Any trace of a smile he’d had faded. “I told you. I owe you. And frankly, I don’t like owing you. Let’s call it paying off a debt.”
She squeezed her eyes tightly shut. “Again, this is not flattering, Kane. Nor funny.”
“I’m not trying to be funny,” he said. “I’ve got no reason to flatter you. But I do have reason to do you a favor.”
She opened one eye and studied him suspiciously.
“I know exactly what you’re facing,” he said. His half-smile flirted near his scarred cheek. “I know how much Devlin offered you. I know when their deadline is.”
She opened both eyes, now more distrustful than before.
He raised a speculative brow and looked her up and down. “I know you have to take Devlin’s offer—unless you get a better one. Otherwise, at the end of June, the bank owns this speedway.”
“You’ve been spying on me,” she accused, her voice flat, yet accusing.
“My business is in sports. That includes motor racing. I know what goes on in the racing world, Lori. I know what happens. And who it happens to. And why.”
She shook her head dubiously. “And you think
you
can transform Halesboro?”
“It can be turned around with enough sweat, money—and connections. I’m an agent. It’s a good life. I enjoy it. But my accountant says it’s time I diversify. Invest. I’m making some extremely safe investments. And I’m also making this one. Because I also enjoy a challenge.
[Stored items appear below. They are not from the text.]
(* Assume the linear-model assumption and the irrepresentable condition from the context. Let $S\subseteq S^*$ be fixed, and let real numbers $(\tilde Z_i)_{i\in[d]\setminus S}$ and positive numbers $(\varepsilon_i)_{i\in[d]\setminus S}$ be given. Suppose there exists $\hat i\in[d]\setminus S$ such that (a) $\hat i\in\arg\max_{i\in[d]\setminus S}\{|\tilde Z_i|+\varepsilon_i\}$; (b) $|\tilde Z_i-Z_i^S|\le\varepsilon_i$ for all $i\in[d]\setminus S$; (c) $|\tilde Z_{\hat i}|>\frac{1+\mu_{S^*}}{1-\mu_{S^*}}\varepsilon_{\hat i}$. Then $|Z_{\hat i}^S|>\mu_{S^*}\max_{i\in S^*}|Z_i^S|$.
   Context: $(x,y)$ is a square-integrable random pair with $x\in\mathbb{R}^d$. Linear-model assumption: $\mathbb{E}[x]=0$, $y=\langle\beta^*,x\rangle+\epsilon$, $\mathbb{E}[\epsilon\mid x]=0$; $S^*=\mathrm{supp}(\beta^* )$, $s^*=|S^*|$. $\Sigma$ is the covariance of $x$, $\Sigma_F$ its principal submatrix on $F\subseteq[d]$, and $\mu_F=\max_{j\notin F}\|\Sigma_F^{-1}\mathrm{Cov}(x_F,x_j)\|_1$. Irrepresentable condition: for all $|F|=s^*$, $\Sigma_F$ is invertible and $0\le\mu_F<1$. $\mathcal{R}(\beta)=\mathbb{E}[(y-\langle x,\beta\rangle)^2]$, $\beta^S\in\arg\min_{\mathrm{supp}(\beta)\subseteq S}\mathcal{R}(\beta)$, and $Z_i^S=\mathbb{E}[x_i(y-\langle x,\beta^S\rangle)]$. *)

theory Defs
  imports "HOL-Probability.Probability"
begin

definition supp :: "real^'d \<Rightarrow> 'd set" where
  "supp \<beta> = {i. \<beta> $ i \<noteq> 0}"

definition cov :: "'a measure \<Rightarrow> ('a \<Rightarrow> real) \<Rightarrow> ('a \<Rightarrow> real) \<Rightarrow> real" where
  "cov M U V = (\<integral>\<omega>. (U \<omega> - (\<integral>\<eta>. U \<eta> \<partial>M)) * (V \<omega> - (\<integral>\<eta>. V \<eta> \<partial>M)) \<partial>M)"

definition Sigma :: "'a measure \<Rightarrow> ('a \<Rightarrow> real^'d) \<Rightarrow> 'd \<Rightarrow> 'd \<Rightarrow> real" where
  "Sigma M x i j = cov M (\<lambda>\<omega>. x \<omega> $ i) (\<lambda>\<omega>. x \<omega> $ j)"

definition subm_invertible :: "('d \<Rightarrow> 'd \<Rightarrow> real) \<Rightarrow> 'd set \<Rightarrow> bool" where
  "subm_invertible \<Sigma> F \<longleftrightarrow>
     (\<forall>v::'d \<Rightarrow> real. (\<forall>i\<in>F. (\<Sum>k\<in>F. \<Sigma> i k * v k) = 0) \<longrightarrow> (\<forall>k\<in>F. v k = 0))"

text \<open>Sigma_F^{-1} Cov(x_F, x_j), as a vector supported on F.\<close>
definition subm_solve :: "('d \<Rightarrow> 'd \<Rightarrow> real) \<Rightarrow> 'd set \<Rightarrow> 'd \<Rightarrow> ('d \<Rightarrow> real)" where
  "subm_solve \<Sigma> F j = (THE w. (\<forall>k. k \<notin> F \<longrightarrow> w k = 0) \<and>
       (\<forall>i\<in>F. (\<Sum>k\<in>F. \<Sigma> i k * w k) = \<Sigma> i j))"

text \<open>mu_F = max_{j notin F} || Sigma_F^{-1} Cov(x_F,x_j) ||_1 (convention: max over empty set = 0).\<close>
definition mu :: "('d::finite \<Rightarrow> 'd \<Rightarrow> real) \<Rightarrow> 'd set \<Rightarrow> real" where
  "mu \<Sigma> F = Max (insert 0 {(\<Sum>k\<in>F. \<bar>subm_solve \<Sigma> F j k\<bar>) | j. j \<notin> F})"

definition risk :: "'a measure \<Rightarrow> ('a \<Rightarrow> real^'d) \<Rightarrow> ('a \<Rightarrow> real) \<Rightarrow> real^'d \<Rightarrow> real" where
  "risk M x y \<beta> = (\<integral>\<omega>. (y \<omega> - \<beta> \<bullet> x \<omega>)\<^sup>2 \<partial>M)"

definition Zres :: "'a measure \<Rightarrow> ('a \<Rightarrow> real^'d) \<Rightarrow> ('a \<Rightarrow> real) \<Rightarrow> real^'d \<Rightarrow> 'd \<Rightarrow> real" where
  "Zres M x y \<beta> i = (\<integral>\<omega>. x \<omega> $ i * (y \<omega> - \<beta> \<bullet> x \<omega>) \<partial>M)"

end

theory Submission
  imports Defs
begin

text \<open>Since \<open>\<beta>\<^sup>S\<close> minimises the risk among vectors supported on \<open>S\<close>, moving it along a
  coordinate \<open>i \<in> S\<close> cannot decrease the risk, and this first-order condition gives
  \<open>Z\<^sub>i\<^sup>S = 0\<close>. Off \<open>S\<close>, (b) and (a) give \<open>|Z\<^sub>i\<^sup>S| \<le> |Z~\<^sub>i| + \<epsilon>\<^sub>i \<le> B\<close> with
  \<open>B = |Z~\<^sub>j| + \<epsilon>\<^sub>j\<close> for the selected index \<open>j\<close>, so \<open>B\<close> bounds every \<open>|Z\<^sub>i\<^sup>S|\<close>.
  Condition (c) is equivalent to \<open>\<mu> B < |Z~\<^sub>j| - \<epsilon>\<^sub>j\<close> (as \<open>\<mu> < 1\<close>), and the
  right-hand side is at most \<open>|Z\<^sub>j\<^sup>S|\<close> by (b).\<close>

lemma integrable_mult_of_square_integrable:
  fixes f g :: "'a \<Rightarrow> real"
  assumes "f \<in> borel_measurable M" "g \<in> borel_measurable M"
    and "integrable M (\<lambda>w. (f w)\<^sup>2)" "integrable M (\<lambda>w. (g w)\<^sup>2)"
  shows "integrable M (\<lambda>w. f w * g w)"
proof (rule Bochner_Integration.integrable_bound)
  show "integrable M (\<lambda>w. (f w)\<^sup>2 + (g w)\<^sup>2)" using assms by auto
  show "(\<lambda>w. f w * g w) \<in> borel_measurable M" using assms by measurable
  show "AE w in M. norm (f w * g w) \<le> norm ((f w)\<^sup>2 + (g w)\<^sup>2)"
  proof (intro AE_I2)
    fix w
    have "2 * (\<bar>f w\<bar> * \<bar>g w\<bar>) \<le> (f w)\<^sup>2 + (g w)\<^sup>2"
      using sum_squares_bound[of "\<bar>f w\<bar>" "\<bar>g w\<bar>"] by (simp add: mult.assoc)
    moreover have "0 \<le> \<bar>f w\<bar> * \<bar>g w\<bar>" by simp
    ultimately have "\<bar>f w\<bar> * \<bar>g w\<bar> \<le> (f w)\<^sup>2 + (g w)\<^sup>2" by linarith
    then show "norm (f w * g w) \<le> norm ((f w)\<^sup>2 + (g w)\<^sup>2)"
      by (simp add: abs_mult)
  qed
qed

lemma integral_mult_eq_0_of_least_squares:
  fixes r X :: "'a \<Rightarrow> real"
  assumes r_meas: "r \<in> borel_measurable M" and X_meas: "X \<in> borel_measurable M"
    and r_sq: "integrable M (\<lambda>w. (r w)\<^sup>2)" and X_sq: "integrable M (\<lambda>w. (X w)\<^sup>2)"
    and least: "\<And>t. (\<integral>w. (r w)\<^sup>2 \<partial>M) \<le> (\<integral>w. (r w - t * X w)\<^sup>2 \<partial>M)"
  shows "(\<integral>w. X w * r w \<partial>M) = 0"
proof (rule ccontr)
  define A where "A = (\<integral>w. (X w)\<^sup>2 \<partial>M)"
  define Z where "Z = (\<integral>w. X w * r w \<partial>M)"
  assume "Z \<noteq> 0"
  have Xr: "integrable M (\<lambda>w. X w * r w)"
    using X_meas r_meas X_sq r_sq by (rule integrable_mult_of_square_integrable)
  have expand: "(\<integral>w. (r w - t * X w)\<^sup>2 \<partial>M) = (\<integral>w. (r w)\<^sup>2 \<partial>M) - 2 * t * Z + t\<^sup>2 * A" for t
  proof -
    have "(\<lambda>w. (r w - t * X w)\<^sup>2) = (\<lambda>w. (r w)\<^sup>2 - (2 * t) * (X w * r w) + t\<^sup>2 * (X w)\<^sup>2)"
      by (rule ext) (simp add: power2_eq_square algebra_simps)
    then show ?thesis
      using r_sq X_sq Xr unfolding Z_def A_def by simp
  qed
  \<comment> \<open>the step \<open>t\<close> is chosen so that \<open>Z = t (A + 1)\<close>; then the risk changes by \<open>-t\<^sup>2 (A + 2) < 0\<close>\<close>
  define t where "t = Z / (A + 1)"
  have "A \<ge> 0" unfolding A_def by simp
  then have Z_eq: "Z = t * (A + 1)" unfolding t_def by simp
  with \<open>Z \<noteq> 0\<close> have "t\<^sup>2 > 0" by auto
  have "- 2 * t * Z + t\<^sup>2 * A = - (t\<^sup>2 * (A + 2))"
    unfolding Z_eq by (simp add: power2_eq_square algebra_simps)
  also have "\<dots> < 0" using \<open>t\<^sup>2 > 0\<close> \<open>A \<ge> 0\<close> by simp
  finally show False using least[of t] expand[of t] by simp
qed

lemma integrable_component_square:
  fixes x :: "'a \<Rightarrow> real^'d"
  assumes "x \<in> borel_measurable M" and "integrable M (\<lambda>w. (norm (x w))\<^sup>2)"
  shows "integrable M (\<lambda>w. (x w $ i)\<^sup>2)"
proof (rule Bochner_Integration.integrable_bound[OF assms(2)])
  have "(\<lambda>w. x w $ i) \<in> borel_measurable M"
    using measurable_compose[OF assms(1) borel_measurable_nth] .
  then show "(\<lambda>w. (x w $ i)\<^sup>2) \<in> borel_measurable M" by measurable
  have "\<bar>x w $ i\<bar>\<^sup>2 \<le> (norm (x w))\<^sup>2" for w
    by (intro power_mono component_le_norm_cart) auto
  then show "AE w in M. norm ((x w $ i)\<^sup>2) \<le> norm ((norm (x w))\<^sup>2)" by simp
qed

lemma integrable_residual_square:
  fixes x :: "'a \<Rightarrow> real^'d" and y :: "'a \<Rightarrow> real"
  assumes "x \<in> borel_measurable M" "y \<in> borel_measurable M"
    and x_sq: "integrable M (\<lambda>w. (norm (x w))\<^sup>2)" and y_sq: "integrable M (\<lambda>w. (y w)\<^sup>2)"
  shows "integrable M (\<lambda>w. (y w - \<beta> \<bullet> x w)\<^sup>2)"
proof (rule Bochner_Integration.integrable_bound)
  show "integrable M (\<lambda>w. 2 * (y w)\<^sup>2 + 2 * (norm \<beta>)\<^sup>2 * (norm (x w))\<^sup>2)"
    using x_sq y_sq by auto
  show "(\<lambda>w. (y w - \<beta> \<bullet> x w)\<^sup>2) \<in> borel_measurable M" using assms(1,2) by measurable
  have "(y w - \<beta> \<bullet> x w)\<^sup>2 \<le> 2 * (y w)\<^sup>2 + 2 * (norm \<beta>)\<^sup>2 * (norm (x w))\<^sup>2" for w
  proof -
    have "(\<beta> \<bullet> x w)\<^sup>2 \<le> (norm \<beta> * norm (x w))\<^sup>2"
      using Cauchy_Schwarz_ineq2 by (metis abs_ge_zero power2_abs power_mono)
    moreover have "0 \<le> (y w + \<beta> \<bullet> x w)\<^sup>2" by simp
    ultimately show ?thesis by (simp add: power2_eq_square algebra_simps)
  qed
  then show "AE w in M. norm ((y w - \<beta> \<bullet> x w)\<^sup>2)
      \<le> norm (2 * (y w)\<^sup>2 + 2 * (norm \<beta>)\<^sup>2 * (norm (x w))\<^sup>2)" by simp
qed

lemma Zres_eq_0_of_risk_minimiser:
  fixes x :: "'a \<Rightarrow> real^'d" and y :: "'a \<Rightarrow> real"
  assumes x_meas: "x \<in> borel_measurable M" and y_meas: "y \<in> borel_measurable M"
    and x_sq: "integrable M (\<lambda>w. (norm (x w))\<^sup>2)" and y_sq: "integrable M (\<lambda>w. (y w)\<^sup>2)"
    and \<beta>S_supp: "supp \<beta>S \<subseteq> S"
    and \<beta>S_min: "\<And>\<beta>. supp \<beta> \<subseteq> S \<Longrightarrow> risk M x y \<beta>S \<le> risk M x y \<beta>"
    and "i \<in> S"
  shows "Zres M x y \<beta>S i = 0"
  unfolding Zres_def
proof (rule integral_mult_eq_0_of_least_squares)
  show "(\<lambda>w. x w $ i) \<in> borel_measurable M"
    using measurable_compose[OF x_meas borel_measurable_nth] .
  show "(\<lambda>w. y w - \<beta>S \<bullet> x w) \<in> borel_measurable M" using x_meas y_meas by measurable
  show "integrable M (\<lambda>w. (x w $ i)\<^sup>2)" using x_meas x_sq by (rule integrable_component_square)
  show "integrable M (\<lambda>w. (y w - \<beta>S \<bullet> x w)\<^sup>2)"
    using x_meas y_meas x_sq y_sq by (rule integrable_residual_square)
  fix t
  define \<beta> where "\<beta> = \<beta>S + t *\<^sub>R axis i 1"
  have "supp \<beta> \<subseteq> S"
    using \<open>i \<in> S\<close> \<beta>S_supp unfolding supp_def \<beta>_def axis_def by auto
  then have "risk M x y \<beta>S \<le> risk M x y \<beta>" by (rule \<beta>S_min)
  moreover have "\<beta> \<bullet> x w = \<beta>S \<bullet> x w + t * x w $ i" for w
    unfolding \<beta>_def by (simp add: inner_add_left inner_commute[of "axis i 1"] inner_axis)
  ultimately show "(\<integral>w. (y w - \<beta>S \<bullet> x w)\<^sup>2 \<partial>M) \<le> (\<integral>w. (y w - \<beta>S \<bullet> x w - t * x w $ i)\<^sup>2 \<partial>M)"
    unfolding risk_def by (simp add: algebra_simps)
qed

lemma mult_Max_less_of_selection_certificate:
  fixes Z Zt eps :: "'d \<Rightarrow> real" and m :: real
  assumes "finite F" and "0 \<le> m" and "m < 1"
    and bound: "\<And>i. i \<in> F \<Longrightarrow> \<bar>Z i\<bar> \<le> \<bar>Zt j\<bar> + eps j"
    and close: "\<bar>Zt j - Z j\<bar> \<le> eps j"
    and large: "(1 + m) / (1 - m) * eps j < \<bar>Zt j\<bar>"
  shows "m * Max (insert 0 ((\<lambda>i. \<bar>Z i\<bar>) ` F)) < \<bar>Z j\<bar>"
proof -
  have "0 \<le> eps j" using close by linarith
  then have "Max (insert 0 ((\<lambda>i. \<bar>Z i\<bar>) ` F)) \<le> \<bar>Zt j\<bar> + eps j"
    using \<open>finite F\<close> bound by (subst Max_le_iff) auto
  then have "m * Max (insert 0 ((\<lambda>i. \<bar>Z i\<bar>) ` F)) \<le> m * (\<bar>Zt j\<bar> + eps j)"
    using \<open>0 \<le> m\<close> by (rule mult_left_mono)
  also have "\<dots> < \<bar>Zt j\<bar> - eps j"
    using large \<open>m < 1\<close> by (simp add: field_simps)
  also have "\<dots> \<le> \<bar>Z j\<bar>" using close by linarith
  finally show ?thesis .
qed

theorem mainTheorem5:
  fixes M :: "'a measure" and x :: "'a \<Rightarrow> real^'d" and y \<epsilon> :: "'a \<Rightarrow> real"
    and \<beta>star \<beta>S :: "real^'d" and S :: "'d set"
    and Zt eps :: "'d \<Rightarrow> real" and ihat :: 'd
  assumes M: "prob_space M"
    and x_meas: "x \<in> borel_measurable M" and y_meas: "y \<in> borel_measurable M"
    and x_sq: "integrable M (\<lambda>\<omega>. (norm (x \<omega>))\<^sup>2)" and y_sq: "integrable M (\<lambda>\<omega>. (y \<omega>)\<^sup>2)"
    and x_mean: "\<And>i. (\<integral>\<omega>. x \<omega> $ i \<partial>M) = 0"
    and model: "\<And>\<omega>. \<omega> \<in> space M \<Longrightarrow> y \<omega> = \<beta>star \<bullet> x \<omega> + \<epsilon> \<omega>"
    and noise: "AE \<omega> in M. real_cond_exp M (vimage_algebra (space M) x borel) \<epsilon> \<omega> = 0"
    and irrep: "\<And>F. card F = card (supp \<beta>star) \<Longrightarrow>
                   subm_invertible (Sigma M x) F \<and> 0 \<le> mu (Sigma M x) F \<and> mu (Sigma M x) F < 1"
    and S_sub: "S \<subseteq> supp \<beta>star"
    and \<beta>S_supp: "supp \<beta>S \<subseteq> S"
    and \<beta>S_min: "\<And>\<beta>. supp \<beta> \<subseteq> S \<Longrightarrow> risk M x y \<beta>S \<le> risk M x y \<beta>"
    and eps_pos: "\<And>i. i \<notin> S \<Longrightarrow> eps i > 0"
    and ihat: "ihat \<notin> S"
    and a: "\<And>i. i \<notin> S \<Longrightarrow> \<bar>Zt i\<bar> + eps i \<le> \<bar>Zt ihat\<bar> + eps ihat"
    and b: "\<And>i. i \<notin> S \<Longrightarrow> \<bar>Zt i - Zres M x y \<beta>S i\<bar> \<le> eps i"
    and c: "\<bar>Zt ihat\<bar> > (1 + mu (Sigma M x) (supp \<beta>star)) / (1 - mu (Sigma M x) (supp \<beta>star)) * eps ihat"
  shows "\<bar>Zres M x y \<beta>S ihat\<bar> >
           mu (Sigma M x) (supp \<beta>star) * Max (insert 0 ((\<lambda>i. \<bar>Zres M x y \<beta>S i\<bar>) ` supp \<beta>star))"
proof (rule mult_Max_less_of_selection_certificate)
  show "0 \<le> mu (Sigma M x) (supp \<beta>star)" "mu (Sigma M x) (supp \<beta>star) < 1"
    using irrep[of "supp \<beta>star"] by simp_all
  show "\<bar>Zt ihat - Zres M x y \<beta>S ihat\<bar> \<le> eps ihat" using ihat by (rule b)
  show "\<bar>Zres M x y \<beta>S i\<bar> \<le> \<bar>Zt ihat\<bar> + eps ihat" for i
  proof (cases "i \<in> S")
    case True
    then have "Zres M x y \<beta>S i = 0"
      using Zres_eq_0_of_risk_minimiser[OF x_meas y_meas x_sq y_sq \<beta>S_supp \<beta>S_min] by blast
    moreover have "eps ihat > 0" using ihat by (rule eps_pos)
    ultimately show ?thesis by simp
  next
    case False
    then show ?thesis using a[OF False] b[OF False] by linarith
  qed
  show "(1 + mu (Sigma M x) (supp \<beta>star)) / (1 - mu (Sigma M x) (supp \<beta>star)) * eps ihat < \<bar>Zt ihat\<bar>"
    by (rule c)
qed simp

end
And Halesboro Speedway is a big one.”
Lori frowned. Had his wealth made him insufferably
smug? Was he working out some crazy adolescent issues about growing up poor in Halesboro? And some even more crazy fantasy about evening the score for how she’d treated him so long ago?
A small, icy, pragmatic voice inside her head whispered,
To hell with his motives. Make him prove he means it.
“I want to look over the contract,” she said.
“Fine,” he said. “Look it over. Take your time. Take all day. I’m staying over. Meet me tonight for a business supper. We’ll talk about it.”
“A business supper?” she echoed.
There was no so-called fine dining left in Halesboro; all such restaurants had closed. And she didn’t intend to go out of town with him. He unsettled her too much. She wanted to be on her own turf.
Again, he seemed to know her thoughts. “I saw that The Groove Café’s still open. Does Otis still run it?”
“Otis died ten years ago. His son runs it.”
“Do they still make that hamburger steak with fried onions and hash browns?”
“Yes,” she said. The menu hadn’t changed in almost thirty years. Nor had the décor. It was the Eatery That Time Forgot.
“Then let’s eat there. It’ll almost be like old times.”
She couldn’t help flinching. She and her friends used to buy cheeseburgers and malts there on their nights out. They’d linger and giggle and use half a bottle of ketchup on their French fries. The most popular boys would seek them out and linger with them.
Kane had been in the kitchen, washing ketchup off the plates and the lipstick prints off the glasses. But he gave her that mysterious half smile of amusement.
“Should I pick you up? What time?” he asked.
“I’ll meet you there,” she said crisply. “How about five o’clock?”
Five o’clock was too early for most diners. She wasn’t looking forward to having people stare at them. And stare
they would, even if nobody recognized Kane at first. And when they did recognize him, they’d stare like the very devil. All of them.
S
HE OFFERED
to show him around the speedway, but he asked if Clyde was still there. He remembered Clyde, had worked with him and would like to see him again; where could he find the older man? She called Clyde, her throat tight, and told him Kane Ledger was here and wanted to be shown around. “Yes,” she said uncomfortably. “
That
Kane Ledger. I’ll send him to you.”
She closed her phone. “He’s out by the scoreboard,” she told Kane.
“Fine. You want me to keep quiet about the offer?” Kane asked, standing by the door.
“Please. He’ll know soon enough,” she said and sighed. If the offer was for the asking price, she’d have no choice but to take it. Then the bank would know, the title company would know, her whole staff would know and the news would be all over town in minutes.